What this dot point is asking

Many questions are about proportions rather than means: the fraction of voters favouring a policy, the success rate of a treatment, the bias of a coin. The SQA wants you to test a single proportion against a claimed value and to compare two proportions, in both cases using the normal approximation to the binomial, stating hypotheses, computing a z-statistic and concluding in context.

Testing a single proportion

The one-sample proportion test asks whether an observed success rate is consistent with a claimed value.

The crucial detail is that the standard error uses $p_0$ , the hypothesised proportion, not the sample $\hat{p}$ , because the whole calculation is carried out under the assumption that $H_0$ is true.

Test a single proportion

A factory claims at most 10% of its items are defective. We have sample data that suggest a higher rate, and we want to know whether the evidence is strong enough to reject the claim. The key detail is that the standard error is computed using the hypothesised proportion $p_0$ , not the sample proportion, because all calculations are done under the assumption that $H_0$ is true.

Step 1: State the hypotheses and sample proportion

The factory's claim becomes $H_0: p = 0.10$ (at most 10% defective); we suspect the true rate is higher, so $H_1: p > 0.10$ (one-tailed test at $\alpha = 0.05$ ). From the sample, $\hat{p} = \dfrac{28}{200} = 0.14$ .

Step 2: Compute the standard error under $H_0$ and form the test statistic

Use the hypothesised $p_0 = 0.10$ in the standard error formula, then subtract the hypothesised value and divide.

\text{SE} = \sqrt{\dfrac{p_0(1 - p_0)}{n}} = \sqrt{\dfrac{0.10 \times 0.90}{200}} = \sqrt{0.00045} \approx 0.0212

z = \dfrac{\hat{p} - p_0}{\text{SE}} = \dfrac{0.14 - 0.10}{0.0212} \approx 1.886

Step 3: Compare with the critical value and conclude

For a one-tailed test at $\alpha = 0.05$ , the critical value is $z_{0.05} = 1.645$ .

1.886 > 1.645 \implies \text{reject } H_0

Final answer: there is significant evidence at the 5% level that more than 10% of items are defective.

Comparing two proportions

The two-sample proportion test asks whether two groups share the same underlying proportion.

Compare two proportions

We want to know whether a treatment group has a different recovery rate from a control group.
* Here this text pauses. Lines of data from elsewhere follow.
(* Two semifactor sets of a wide ACI-matrix over a field $\mathbb{F}$ cannot be disjoint.
   Context: Let $\mathbb{F}$ be a field. An ACI-matrix is a matrix with entries in $\mathbb{F}[x_1,\dots,x_k]$ whose entries are polynomials of degree at most one and such that no indeterminate appears in two different columns. It is wide if it has more columns than rows. A completion is an assignment of values in $\mathbb{F}$ to all indeterminates; $\mathrm{maxRank}(N)$ is the maximum rank of a completion. ACI-matrices (and blocks) of size $0\times q$ ($q>0$, wide degenerate), $p\times 0$ ($p>0$, tall degenerate) and $0\times0$ (void) are allowed. $N$ is FRmR if $\mathrm{maxRank}(N)=\mathrm{rows}(N)$, FCmR if $\mathrm{maxRank}(N)=\mathrm{cols}(N)$; by convention tall degenerate is FRmR, wide degenerate is FCmR, void is both. For an $m\times n$ block matrix $\begin{bmatrix} A & B\\ 0 & C\end{bmatrix}$ with lower-left $r\times s$ zero block, the zero block is Medium if $r+s=\max\{m,n\}$. For $F=\{f_1<\dots<f_s\}\subseteq\{1,\dots,n\}$ with complement $\{g_1<\dots<g_{n-s}\}$, $Q_F$ is the $n\times n$ permutation matrix such that $MQ_F$ has as columns $f_1,\dots,f_s,g_1,\dots,g_{n-s}$ of $M$ in that order. For an $m\times n$ ACI-matrix $M$, $F$ is a semifactor set of $M$ if there is a nonsingular constant $m\times m$ matrix $R$ with $RMQ_F=\begin{bmatrix} A & B\\ 0 & C\end{bmatrix}$, where $A$ has $\#F$ columns, the zero block is Medium, $A$ is FRmR and $C$ is FCmR. *)

theory Defs
  imports "Jordan_Normal_Form.DL_Rank"
begin

(* An entry of an ACI-matrix over F[x_1,...,x_k] is a polynomial of degree <= 1,
   represented by its coefficient function p :: nat => 'a:
   p 0 is the constant term and p v (1 <= v <= k) is the coefficient of x_v. *)

definition aci_matrix :: "nat \<Rightarrow> (nat \<Rightarrow> 'a::field) mat \<Rightarrow> bool" where
  "aci_matrix k M \<longleftrightarrow>
     (\<forall>i j t. i < dim_row M \<longrightarrow> j < dim_col M \<longrightarrow> k < t \<longrightarrow> (M $$ (i,j)) t = 0) \<and>
     (\<forall>v\<in>{1..k}. \<forall>i j i' j'. i < dim_row M \<longrightarrow> j < dim_col M \<longrightarrow>
        i' < dim_row M \<longrightarrow> j' < dim_col M \<longrightarrow>
        (M $$ (i,j)) v \<noteq> 0 \<longrightarrow> (M $$ (i',j')) v \<noteq> 0 \<longrightarrow> j = j')"

definition completion :: "nat \<Rightarrow> (nat \<Rightarrow> 'a::field) \<Rightarrow> (nat \<Rightarrow> 'a) mat \<Rightarrow> 'a mat" where
  "completion k x M = mat (dim_row M) (dim_col M)
     (\<lambda>(i,j). (M $$ (i,j)) 0 + (\<Sum>v\<in>{1..k}. (M $$ (i,j)) v * x v))"

definition mat_rank :: "'a::field mat \<Rightarrow> nat" where
  "mat_rank A = vec_space.rank (dim_row A) A"

definition maxRank :: "nat \<Rightarrow> (nat \<Rightarrow> 'a::field) mat \<Rightarrow> nat" where
  "maxRank k M = Max {mat_rank (completion k x M) | x. True}"

definition FRmR :: "nat \<Rightarrow> (nat \<Rightarrow> 'a::field) mat \<Rightarrow> bool" where
  "FRmR k M \<longleftrightarrow> maxRank k M = dim_row M \<or> dim_col M = 0"

definition FCmR :: "nat \<Rightarrow> (nat \<Rightarrow> 'a::field) mat \<Rightarrow> bool" where
  "FCmR k M \<longleftrightarrow> maxRank k M = dim_col M \<or> dim_row M = 0"

definition const_mult :: "'a::field mat \<Rightarrow> (nat \<Rightarrow> 'a) mat \<Rightarrow> (nat \<Rightarrow> 'a) mat" where
  "const_mult R M = mat (dim_row R) (dim_col M)
     (\<lambda>(i,j). \<lambda>t. \<Sum>l<dim_col R. R $$ (i,l) * (M $$ (l,j)) t)"

(* M Q_F: columns f_1 < ... < f_s of F, then the complement g_1 < ... in increasing order
   (columns are 0-indexed) *)
definition col_order :: "nat set \<Rightarrow> nat \<Rightarrow> nat list" where
  "col_order F n = sorted_list_of_set F @ sorted_list_of_set ({0..<n} - F)"

definition mult_QF :: "(nat \<Rightarrow> 'a) mat \<Rightarrow> nat set \<Rightarrow> (nat \<Rightarrow> 'a) mat" where
  "mult_QF M F = mat (dim_row M) (dim_col M) (\<lambda>(i,j). M $$ (i, col_order F (dim_col M) ! j))"

definition block :: "'b mat \<Rightarrow> nat \<Rightarrow> nat \<Rightarrow> nat \<Rightarrow> nat \<Rightarrow> 'b mat" where
  "block N r0 c0 r c = mat r c (\<lambda>(i,j). N $$ (r0 + i, c0 + j))"

definition semifactor_set :: "nat \<Rightarrow> (nat \<Rightarrow> 'a::field) mat \<Rightarrow> nat set \<Rightarrow> bool" where
  "semifactor_set k M F \<longleftrightarrow>
     F \<subseteq> {0..<dim_col M} \<and>
     (\<exists>R r. R \<in> carrier_mat (dim_row M) (dim_row M) \<and> invertible_mat R \<and>
        r \<le> dim_row M \<and> r + card F = max (dim_row M) (dim_col M) \<and>
        (let N = const_mult R (mult_QF M F);
             m = dim_row M; n = dim_col M; s = card F in
           (\<forall>i<r. \<forall>j<s. N $$ (m - r + i, j) = (\<lambda>_. 0)) \<and>
           FRmR k (block N 0 0 (m - r) s) \<and>
           FCmR k (block N (m - r) s r (n - s))))"

end

theory Submission
  imports Defs
begin

text \<open>
  Fix a completion \<open>x\<close> and write \<open>P\<close> for the completed matrix; completion commutes with
  the constant left factor \<open>R\<close>, with the column reordering \<open>Q\<^sub>F\<close> and with taking blocks.
  For a wide \<open>m \<times> n\<close> matrix the lower right block \<open>C\<close> of a semifactor set \<open>F\<close> is square of
  size \<open>r = n - #F\<close>, and FCmR yields a completion with \<open>det C\<^sub>x \<noteq> 0\<close>. The columns of \<open>R P\<close>
  outside \<open>F\<close> have \<open>C\<^sub>x\<close> as their last \<open>r\<close> rows, so the columns of \<open>P\<close> outside \<open>F\<close> are
  linearly independent. For a second semifactor set \<open>G\<close>, in every completion the columns of
  \<open>R' P\<close> indexed by \<open>G\<close> vanish in their last \<open>r'\<close> rows; they lie in a space of dimension
  \<open>m - r' < n - r' = #G\<close>, hence the columns of \<open>P\<close> indexed by \<open>G\<close> are dependent. So \<open>G\<close> is
  not contained in the complement of \<open>F\<close>.
\<close>

lemma completion_dims [simp]:
  "dim_row (completion k x A) = dim_row A" "dim_col (completion k x A) = dim_col A"
  by (simp_all add: completion_def)

lemma completion_carrier [simp]: "completion k x A \<in> carrier_mat (dim_row A) (dim_col A)"
  by (rule carrier_matI) simp_all

lemma const_mult_dims [simp]:
  "dim_row (const_mult R N) = dim_row R" "dim_col (const_mult R N) = dim_col N"
  by (simp_all add: const_mult_def)

lemma mult_QF_dims [simp]:
  "dim_row (mult_QF M S) = dim_row M" "dim_col (mult_QF M S) = dim_col M"
  by (simp_all add: mult_QF_def)

lemma block_dims [simp]:
  "dim_row (block N r0 c0 r c) = r" "dim_col (block N r0 c0 r c) = c"
  by (simp_all add: block_def)

lemma index_block [simp]:
  "i < r \<Longrightarrow> j < c \<Longrightarrow> block N r0 c0 r c $$ (i, j) = N $$ (r0 + i, c0 + j)"
  by (simp add: block_def)

lemma index_completion:
  "i < dim_row A \<Longrightarrow> j < dim_col A \<Longrightarrow>
    completion k x A $$ (i, j) = (A $$ (i, j)) 0 + (\<Sum>v\<in>{1..k}. (A $$ (i, j)) v * x v)"
  by (simp add: completion_def)

lemma completion_const_mult:
  assumes "dim_col R = dim_row N"
  shows "completion k x (const_mult R N) = R * completion k x N"
proof (rule eq_matI)
  fix i j assume ij: "i < dim_row (R * completion k x N)" "j < dim_col (R * completion k x N)"
  have "(\<Sum>v\<in>{1..k}. (\<Sum>l<dim_col R. R $$ (i, l) * (N $$ (l, j)) v) * x v)
      = (\<Sum>l<dim_col R. R $$ (i, l) * (\<Sum>v\<in>{1..k}. (N $$ (l, j)) v * x v))"
    by (simp add: sum_distrib_left sum_distrib_right mult.assoc) (rule sum.swap)
  then show "completion k x (const_mult R N) $$ (i, j) = (R * completion k x N) $$ (i, j)"
    using ij assms
    by (simp add: index_completion const_mult_def scalar_prod_def atLeast0LessThan
        distrib_left sum.distrib)
qed auto

lemma completion_block:
  assumes "r0 + r \<le> dim_row N" "c0 + c \<le> dim_col N"
  shows "completion k x (block N r0 c0 r c) = block (completion k x N) r0 c0 r c"
  using assms by (intro eq_matI) (auto simp: index_completion)

lemma length_col_order:
  "finite S \<Longrightarrow> length (col_order S n) = card S + card ({0..<n} - S)"
  by (simp add: col_order_def)

lemma nth_col_order_left:
  "finite S \<Longrightarrow> j < card S \<Longrightarrow> col_order S n ! j = sorted_list_of_set S ! j"
  by (simp add: col_order_def nth_append)

lemma nth_col_order_right:
  "finite S \<Longrightarrow> col_order S n ! (card S + j) = sorted_list_of_set ({0..<n} - S) ! j"
  by (simp add: col_order_def nth_append)

lemma col_order_nth_less:
  assumes "S \<subseteq> {0..<n}" "j < n"
  shows "col_order S n ! j < n"
proof -
  have "finite S" using assms(1) finite_subset by blast
  have "card S \<le> n" using card_mono[OF finite_atLeastLessThan assms(1)] by simp
  with \<open>finite S\<close> assms(1) have "length (col_order S n) = n"
    by (simp add: length_col_order card_Diff_subset)
  then have "col_order S n ! j \<in> set (col_order S n)" using assms(2) by simp
  moreover have "set (col_order S n) = S \<union> ({0..<n} - S)"
    using \<open>finite S\<close> by (simp add: col_order_def)
  ultimately show ?thesis using assms(1) by auto
qed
Under $H_0: p_1 = p_2$ , the best estimate of the common underlying proportion combines both samples into a single pooled estimate, which is then used in the standard error of the difference.

Step 1: Compute each sample proportion and the pooled estimate

Treatment: $45$ of $150$ recover, so $\hat{p}_1 = \dfrac{45}{150} = 0.30$ . Control: $30$ of $150$ recover, so $\hat{p}_2 = \dfrac{30}{150} = 0.20$ . Under $H_0$ both proportions are equal, so we pool the successes and the totals.

\hat{p} = \dfrac{45 + 30}{150 + 150} = \dfrac{75}{300} = 0.25

Step 2: Compute the standard error of the difference

Use the pooled proportion $\hat{p}$ in the formula. The two equal sample sizes make the bracket $\dfrac{1}{n_1}+\dfrac{1}{n_2}=\dfrac{2}{150}=0.01\overline{3}$ .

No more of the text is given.